All lines holding the word "constant" are to be copied from the records beneath.

=== Extracted entries ===

(* Let $\alpha\ge1$, let $m_0:[0,\infty)\to[0,\infty)$ be bounded, Lipschitz and non-decreasing with $m_0(0)=0$, let $h_\rho,h_t>0$ satisfy (CFL), let $M_j^n$ be given by the scheme (M), and let $U_j^n=\frac{M_j^n-M_{j-1}^n}{h_\rho}$ for $j\ge1$. Then $U_j^n\ge0$ for all $n,j$ and $$\sup_{j}U_j^{n+1}\le\sup_jU_j^n\qquad\text{for all }n\ge0.$$
   Context: (CFL): $\frac{h_t}{h_\rho}\le\frac{1}{2\alpha\|(m_0)_\rho\|_\infty^{\alpha-1}\|m_0\|_\infty}$. Scheme (M): with $t_n=nh_t$, $\rho_j=jh_\rho$, $H(s)=\big(\min\{s_+,\|(m_0)_\rho\|_\infty\}\big)^\alpha$, set $M_j^0=m_0(\rho_j)$ ($j\ge0$), $M_0^n=0$ ($n>0$), and $M_j^{n+1}=M_j^n\big/\big(1+h_tH\big(\frac{M_j^n-M_{j-1}^n}{h_\rho}\big)\big)$ for $j\ge1$, $n\ge0$. *)

theory Defs
  imports "HOL-Analysis.Analysis"
begin

definition sup_norm :: "(real \<Rightarrow> real) \<Rightarrow> real" where
  "sup_norm f = (SUP x\<in>{0..}. \<bar>f x\<bar>)"

text \<open>The L-infinity norm of the (a.e.) derivative of a Lipschitz function on [0,oo),
  which equals its best Lipschitz constant on [0,oo).\<close>
definition deriv_sup_norm :: "(real \<Rightarrow> real) \<Rightarrow> real" where
  "deriv_sup_norm f = Inf {C. C-lipschitz_on {0..} f}"

definition Hfun :: "real \<Rightarrow> real \<Rightarrow> real \<Rightarrow> real" where
  "Hfun \<alpha> L s = (min (max s 0) L) powr \<alpha>"

end

theory Submission
  imports Defs
begin

text \<open>The rate H is nonnegative, nondecreasing, vanishes at 0 and is Lipschitz on [0,\<infinity>) with
  constant l = \<alpha> L^(\<alpha>-1), and the CFL condition says h_t l |m_0|_\<infinity> \<le> h_\<rho>/2.
  By induction on n, M stays between 0 and |m_0|_\<infinity> and is nondecreasing in j.
  For the gradients: if U_j \<ge> U_(j-1), then M_j is divided by at least as much as M_(j-1), so the
  new U_j is at most the old one; otherwise the extra loss of M_(j-1) over that of M_j is at most
  h_t |m_0|_\<infinity> l (U_(j-1) - U_j) \<le> h_\<rho> (U_(j-1) - U_j)/2, so the new U_j is at most U_(j-1).
  Either way the new gradient is bounded by max U_j U_(j-1), whence the supremum cannot grow.\<close>

lemma powr_diff_le:
  fixes x y L a :: real
  assumes "a \<ge> 1" "0 \<le> x" "x \<le> y" "y \<le> L"
  shows "y powr a - x powr a \<le> a * L powr (a - 1) * (y - x)"
proof (cases "x = y")
  case True
  then show ?thesis by simp
next
  case False
  then have xy: "x < y" using assms by simp
  have cont: "continuous_on {x..y} (\<lambda>z. z powr a)"
    using assms by (intro continuous_on_powr'[OF continuous_on_id continuous_on_const]) auto
  have diff: "(\<lambda>z. z powr a) differentiable (at z)" if "x < z" for z
  proof -
    have "z > 0" using that assms by linarith
    then show ?thesis using has_real_derivative_powr real_differentiable_def by blast
  qed
  obtain l z where z: "x < z" "z < y" "DERIV (\<lambda>z. z powr a) z :> l"
     "y powr a - x powr a = (y - x) * l"
    using MVT[OF xy cont diff] by blast
  have "z > 0" using z assms by linarith
  then have "l = a * z powr (a - 1)"
    using DERIV_unique[OF z(3) has_real_derivative_powr] by blast
  moreover have "z powr (a - 1) \<le> L powr (a - 1)"
    using assms z by (intro powr_mono2) auto
  ultimately have "(y - x) * l \<le> (y - x) * (a * L powr (a - 1))"
    using xy assms by (intro mult_left_mono) auto
  then show ?thesis using z(4) by (simp add: mult_ac)
qed

lemma Hfun_nonneg: "Hfun a L s \<ge> 0"
  unfolding Hfun_def by simp

lemma Hfun_zero: "L \<ge> 0 \<Longrightarrow> Hfun a L 0 = 0"
  unfolding Hfun_def by simp

lemma Hfun_mono: "a \<ge> 1 \<Longrightarrow> L \<ge> 0 \<Longrightarrow> mono (Hfun a L)"
  unfolding Hfun_def by (intro monoI powr_mono2) auto

lemma Hfun_diff_le:
  assumes "a \<ge> 1" "L \<ge> 0" "0 \<le> u" "u \<le> v"
  shows "Hfun a L v - Hfun a L u \<le> a * L powr (a - 1) * (v - u)"
proof -
  have "Hfun a L v - Hfun a L u = min v L powr a - min u L powr a"
    unfolding Hfun_def using assms by (simp add: max_def)
  also have "\<dots> \<le> a * L powr (a - 1) * (min v L - min u L)"
    by (rule powr_diff_le) (use assms in auto)
  also have "\<dots> \<le> a * L powr (a - 1) * (v - u)"
    using assms by (intro mult_left_mono) auto
  finally show ?thesis .
qed

lemma inverse_one_plus_diff_le:
  fixes t u v :: real
  assumes "0 \<le> t" "0 \<le> u" "u \<le> v"
  shows "1 / (1 + t * u) - 1 / (1 + t * v) \<le> t * (v - u)"
proof -
  have pos: "1 + t * u \<ge> 1" "1 + t * v \<ge> 1" using assms by auto
  then have prod: "1 \<le> (1 + t * u) * (1 + t * v)"
    using mult_mono[of 1 "1 + t * u" 1 "1 + t * v"] by simp
  have "1 / (1 + t * u) - 1 / (1 + t * v) = t * (v - u) / ((1 + t * u) * (1 + t * v))"
    using pos by (simp add: field_simps)
  also have "\<dots> \<le> t * (v - u) / 1"
    using assms prod by (intro divide_left_mono) auto
  finally show ?thesis by simp
qed

lemma scheme_step_keeps_order:
  fixes H :: "real \<Rightarrow> real" and a b K t h l :: real
  assumes "0 \<le> b" "b \<le> a" "b \<le> K" "0 \<le> t" "h > 0" "t * (l * K) \<le> h / 2"
    and H_nonneg: "\<And>x. 0 \<le> H x" and H_zero: "H 0 = 0"
    and H_lip: "\<And>u v. 0 \<le> u \<Longrightarrow> u \<le> v \<Longrightarrow> H v - H u \<le> l * (v - u)"
  shows "b \<le> a / (1 + t * H ((a - b) / h))"
proof -
  let ?x = "(a - b) / h"
  have x: "0 \<le> ?x" using assms by simp
  have Hx: "H ?x \<le> l * ?x" using H_lip[OF order_refl x] H_zero by simp
  have "b * (t * H ?x) \<le> K * (t * (l * ?x))"
    using assms x Hx H_nonneg[of ?x] by (intro mult_mono mult_left_mono) auto
  also have "\<dots> = t * (l * K) * ?x" by simp
  also have "\<dots> \<le> h / 2 * ?x" using assms x by (intro mult_right_mono) auto
  also have "\<dots> = (a - b) / 2" using assms by simp
  finally have "b * (1 + t * H ?x) \<le> a" using assms by (simp add: algebra_simps)
  moreover have "1 + t * H ?x > 0" using assms H_nonneg[of ?x] by (simp add: add_pos_nonneg)
  ultimately show ?thesis by (simp add: pos_le_divide_eq)
qed

lemma scheme_step_gradient_le_max:
  fixes H :: "real \<Rightarrow> real" and a b c K t h l :: real
  assumes "0 \<le> c" "c \<le> b" "b \<le> a" "b \<le> K" "0 \<le> t" "h > 0" "t * (l * K) \<le> h / 2"
    and H_nonneg: "\<And>x. 0 \<le> H x" and H_mono: "mono H"
    and H_lip: "\<And>u v. 0 \<le> u \<Longrightarrow> u \<le> v \<Longrightarrow> H v - H u \<le> l * (v - u)"
  shows "a / (1 + t * H ((a - b) / h)) - b / (1 + t * H ((b - c) / h)) \<le> max (a - b) (b - c)"
proof -
  define Ha Hb where "Ha = H ((a - b) / h)" and "Hb = H ((b - c) / h)"
  have D: "1 \<le> 1 + t * Ha" "1 \<le> 1 + t * Hb"
    using assms H_nonneg unfolding Ha_def Hb_def by auto
  have shrink: "(a - b) / (1 + t * Ha) \<le> a - b"
    using assms D divide_left_mono[of 1 "1 + t * Ha" "a - b"] by simp
  define gap where "gap = b * (1 / (1 + t * Ha) - 1 / (1 + t * Hb))"
  have split: "a / (1 + t * Ha) - b / (1 + t * Hb) = (a - b) / (1 + t * Ha) + gap"
    unfolding gap_def by (simp add: diff_divide_distrib right_diff_distrib)
  consider "b - c \<le> a - b" | "a - b \<le> b - c" by linarith
  then have "a / (1 + t * Ha) - b / (1 + t * Hb) \<le> max (a - b) (b - c)"
  proof cases
    case 1
    then have "(b - c) / h \<le> (a - b) / h" using assms by (simp add: divide_right_mono)
    then have "Hb \<le> Ha" unfolding Ha_def Hb_def by (rule monoD[OF H_mono])
    then have "1 + t * Hb \<le> 1 + t * Ha" using assms by (simp add: mult_left_mono)
    then have "b / (1 + t * Ha) \<le> b / (1 + t * Hb)"
      using assms D by (intro divide_left_mono) auto
    then show ?thesis using shrink by (simp add: diff_divide_distrib)
  next
    case 2
    define \<delta> where "\<delta> = ((b - c) - (a - b)) / h"
    have \<delta>: "0 \<le> \<delta>" using 2 assms by (simp add: \<delta>_def)
    have gradients: "0 \<le> (a - b) / h" "(a - b) / h \<le> (b - c) / h"
      using 2 assms by (simp_all add: divide_right_mono)
    have "Ha \<le> Hb" unfolding Ha_def Hb_def using gradients(2) by (rule monoD[OF H_mono])
    have "\<delta> = (b - c) / h - (a - b) / h" unfolding \<delta>_def by (rule diff_divide_distrib)
    then have "Hb - Ha \<le> l * \<delta>" unfolding Ha_def Hb_def using H_lip[OF gradients] by simp
    have "1 / (1 + t * Ha) - 1 / (1 + t * Hb) \<le> t * (Hb - Ha)"
      using assms \<open>Ha \<le> Hb\<close> H_nonneg unfolding Ha_def by (intro inverse_one_plus_diff_le) auto
    also have "\<dots> \<le> t * (l * \<delta>)"
      using assms \<open>Hb - Ha \<le> l * \<delta>\<close> by (simp add: mult_left_mono)
    finally have "b * (1 / (1 + t * Ha) - 1 / (1 + t * Hb)) \<le> b * (t * (l * \<delta>))"
      using assms by (simp add: mult_left_mono)
    also have "\<dots> \<le> K * (t * (l * \<delta>))"
      using assms \<open>Ha \<le> Hb\<close> \<open>Hb - Ha \<le> l * \<delta>\<close> by (intro mult_right_mono) auto
    also have "\<dots> = t * (l * K) * \<delta>" by simp
    also have "\<dots> \<le> h / 2 * \<delta>" using assms \<delta> by (intro mult_right_mono) auto
    also have "\<dots> = ((b - c) - (a - b)) / 2" using assms by (simp add: \<delta>_def)
    finally have "gap \<le> ((b - c) - (a - b)) / 2" unfolding gap_def .
    with shrink have "(a - b) / (1 + t * Ha) + gap \<le> (a - b) + ((b - c) - (a - b)) / 2"
      by (rule add_mono)
    also have "\<dots> \<le> b - c" using 2 by (simp add: field_simps)
    finally show ?thesis unfolding split by simp
  qed
  then show ?thesis unfolding Ha_def Hb_def .
qed

locale truncated_rate_scheme =
  fixes \<alpha> L K h\<^sub>t h\<^sub>\<rho> :: real and M :: "nat \<Rightarrow> nat \<Rightarrow> real"
  assumes alpha: "\<alpha> \<ge> 1" and L_nonneg: "L \<ge> 0"
    and ht: "h\<^sub>t > 0" and hr: "h\<^sub>\<rho> > 0"
    and CFL: "h\<^sub>t * (2 * \<alpha> * L powr (\<alpha> - 1) * K) \<le> h\<^sub>\<rho>"
    and boundary: "M n 0 = 0"
    and init_nonneg: "0 \<le> M 0 j" and init_le: "M 0 j \<le> K"
    and init_mono: "M 0 j \<le> M 0 (Suc j)"
    and step: "j \<ge> 1 \<Longrightarrow>
      M (Suc n) j = M n j / (1 + h\<^sub>t * Hfun \<alpha> L ((M n j - M n (j - 1)) / h\<^sub>\<rho>))"
begin

definition U :: "nat \<Rightarrow> nat \<Rightarrow> real" where
  "U n j = (M n j - M n (j - 1)) / h\<^sub>\<rho>"

lemma U_zero: "U n 0 = 0"
  unfolding U_def by simp

text \<open>The update formula holds for every j: at j = 0 both sides vanish (note U n 0 = 0, as
  0 - 1 = 0 in nat).\<close>

lemma M_Suc: "M (Suc n) j = M n j / (1 + h\<^sub>t * Hfun \<alpha> L (U n j))"
  using step[of j n] boundary[of n] boundary[of "Suc n"] unfolding U_def
  by (cases "j = 0") auto

lemma CFL_half: "h\<^sub>t * ((\<alpha> * L powr (\<alpha> - 1)) * K) \<le> h\<^sub>\<rho> / 2"
  using CFL by (simp add: algebra_simps)

lemma M_nonneg_Suc_le: "0 \<le> M (Suc n) j \<and> M (Suc n) j \<le> M n j" if "0 \<le> M n j"
proof -
  have "1 \<le> 1 + h\<^sub>t * Hfun \<alpha> L (U n j)" using ht Hfun_nonneg by simp
  then show ?thesis
    unfolding M_Suc using that divide_left_mono[of 1 _ "M n j"] by auto
qed

lemma M_nonneg: "0 \<le> M n j"
  by (induction n arbitrary: j) (auto simp: init_nonneg M_nonneg_Suc_le)

lemma M_Suc_le: "M (Suc n) j \<le> M n j"
  using M_nonneg_Suc_le M_nonneg by blast

lemma M_le: "M n j \<le> K"
  by (induction n) (auto simp: init_le intro: order_trans[OF M_Suc_le])

lemma M_mono: "M n j \<le> M n (Suc j)"
proof (induction n arbitrary: j)
  case 0
  show ?case by (rule init_mono)
next
  case (Suc n)
  have "M (Suc n) j \<le> M n j" by (rule M_Suc_le)
  also have "\<dots> \<le> M n (Suc j) / (1 + h\<^sub>t * Hfun \<alpha> L ((M n (Suc j) - M n j) / h\<^sub>\<rho>))"
    using ht by (intro scheme_step_keeps_order[OF M_nonneg Suc.IH M_le _ hr CFL_half Hfun_nonneg
          Hfun_zero[OF L_nonneg] Hfun_diff_le[OF alpha L_nonneg]]) auto
  also have "\<dots> = M (Suc n) (Suc j)" using M_Suc by (simp add: U_def)
  finally show ?case .
qed

lemma U_nonneg: "0 \<le> U n j"
  unfolding U_def using M_mono[of n "j - 1"] hr by (cases j) auto

lemma U_Suc_le_max: "U (Suc n) (Suc j) \<le> max (U n (Suc j)) (U n j)"
proof -
  have U_eq: "U n (Suc j) = (M n (Suc j) - M n j) / h\<^sub>\<rho>"
    "U n j = (M n j - M n (j - 1)) / h\<^sub>\<rho>" by (simp_all add: U_def)
  have "M n (j - 1) \<le> M n j" using M_mono[of n "j - 1"] by (cases j) auto
  then have "M (Suc n) (Suc j) - M (Suc n) j \<le> max (M n (Suc j) - M n j) (M n j - M n (j - 1))"
    unfolding M_Suc U_eq using ht
    by (intro scheme_step_gradient_le_max[OF M_nonneg _ M_mono M_le _ hr CFL_half Hfun_nonneg
          Hfun_mono[OF alpha L_nonneg] Hfun_diff_le[OF alpha L_nonneg]]) auto
  then have "U (Suc n) (Suc j) \<le> max (M n (Suc j) - M n j) (M n j - M n (j - 1)) / h\<^sub>\<rho>"
    unfolding U_def using hr by (intro divide_right_mono) auto
  also have "\<dots> = max (U n (Suc j)) (U n j)"
    unfolding U_eq max_divide_distrib_right using hr by simp
  finally show ?thesis .
qed

lemma SUP_U_Suc_le: "(SUP j\<in>{1..}. ereal (U (Suc n) j)) \<le> (SUP j\<in>{1..}. ereal (U n j))"
proof (rule SUP_least)
  fix j :: nat
  assume "j \<in> {1..}"
  then obtain i where j: "j = Suc i" by (cases j) auto
  have upper: "ereal (U n k) \<le> (SUP j\<in>{1..}. ereal (U n j))" for k
  proof -
    have "ereal (U n k) \<le> ereal (U n (max k 1))" using U_zero U_nonneg by (cases k) auto
    also have "\<dots> \<le> (SUP j\<in>{1..}. ereal (U n j))" by (rule SUP_upper) simp
    finally show ?thesis .
  qed
  have "ereal (U (Suc n) j) \<le> max (ereal (U n (Suc i))) (ereal (U n i))"
    using U_Suc_le_max[of n i] unfolding j by (simp add: ereal_max[symmetric] del: ereal_max)
  also have "\<dots> \<le> (SUP j\<in>{1..}. ereal (U n j))"
    using upper by simp
  finally show "ereal (U (Suc n) j) \<le> (SUP j\<in>{1..}. ereal (U n j))" .
qed

end

lemma deriv_sup_norm_nonneg: "C-lipschitz_on {0..} f \<Longrightarrow> deriv_sup_norm f \<ge> 0"
  unfolding deriv_sup_norm_def by (intro cInf_greatest) (auto simp: lipschitz_on_def)

lemma le_sup_norm:
  assumes "bounded (f ` {0..})" "x \<ge> 0"
  shows "f x \<le> sup_norm f"
proof -
  obtain B where "\<forall>y\<in>f ` {0..}. norm y \<le> B" using assms(1) bounded_iff by blast
  then have "bdd_above ((\<lambda>x. \<bar>f x\<bar>) ` {0..})" by (intro bdd_aboveI2) auto
  then have "\<bar>f x\<bar> \<le> sup_norm f"
    unfolding sup_norm_def using assms(2) by (intro cSUP_upper) auto
  then show ?thesis by linarith
qed

theorem mainTheorem11:
  fixes \<alpha> h\<^sub>t h\<^sub>\<rho> :: real and m0 :: "real \<Rightarrow> real" and M :: "nat \<Rightarrow> nat \<Rightarrow> real"
  assumes alpha: "\<alpha> \<ge> 1"
    and m0_nonneg: "\<forall>x\<ge>0. m0 x \<ge> 0"
    and m0_bdd: "bounded (m0 ` {0..})"
    and m0_lip: "\<exists>C. C-lipschitz_on {0..} m0"
    and m0_mono: "mono_on {0..} m0"
    and m0_zero: "m0 0 = 0"
    and ht: "h\<^sub>t > 0" and hr: "h\<^sub>\<rho> > 0"
    and CFL: "h\<^sub>t * (2 * \<alpha> * deriv_sup_norm m0 powr (\<alpha> - 1) * sup_norm m0) \<le> h\<^sub>\<rho>"
    and init: "\<forall>j. M 0 j = m0 (real j * h\<^sub>\<rho>)"
    and bdry: "\<forall>n>0. M n 0 = 0"
    and step: "\<forall>n j. j \<ge> 1 \<longrightarrow>
        M (Suc n) j = M n j / (1 + h\<^sub>t * Hfun \<alpha> (deriv_sup_norm m0) ((M n j - M n (j - 1)) / h\<^sub>\<rho>))"
  shows "(\<forall>n j. j \<ge> 1 \<longrightarrow> (M n j - M n (j - 1)) / h\<^sub>\<rho> \<ge> 0) \<and>
         (\<forall>n. (SUP j\<in>{1..}. ereal ((M (Suc n) j - M (Suc n) (j - 1)) / h\<^sub>\<rho>))
              \<le> (SUP j\<in>{1..}. ereal ((M n j - M n (j - 1)) / h\<^sub>\<rho>)))"
proof -
  interpret truncated_rate_scheme \<alpha> "deriv_sup_norm m0" "sup_norm m0" h\<^sub>t h\<^sub>\<rho> M
  proof
    show "deriv_sup_norm m0 \<ge> 0" using m0_lip deriv_sup_norm_nonneg by blast
    show "M n 0 = 0" for n using init bdry m0_zero by (cases n) auto
    show "M 0 j \<le> M 0 (Suc j)" for j
      using init hr by (auto intro!: mono_onD[OF m0_mono] mult_right_mono)
  qed (use alpha ht hr CFL init step m0_nonneg le_sup_norm[OF m0_bdd] in auto)
  show ?thesis using U_nonneg SUP_U_Suc_le unfolding U_def by blast
qed

end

===

Problem solution:
  which equals its best Lipschitz constant on [0,oo).\<close>
  constant l = \<alpha> L^(\<alpha>-1), and the CFL condition says h_t l |m_0|_\<infinity> \<le> h_\<rho>/2.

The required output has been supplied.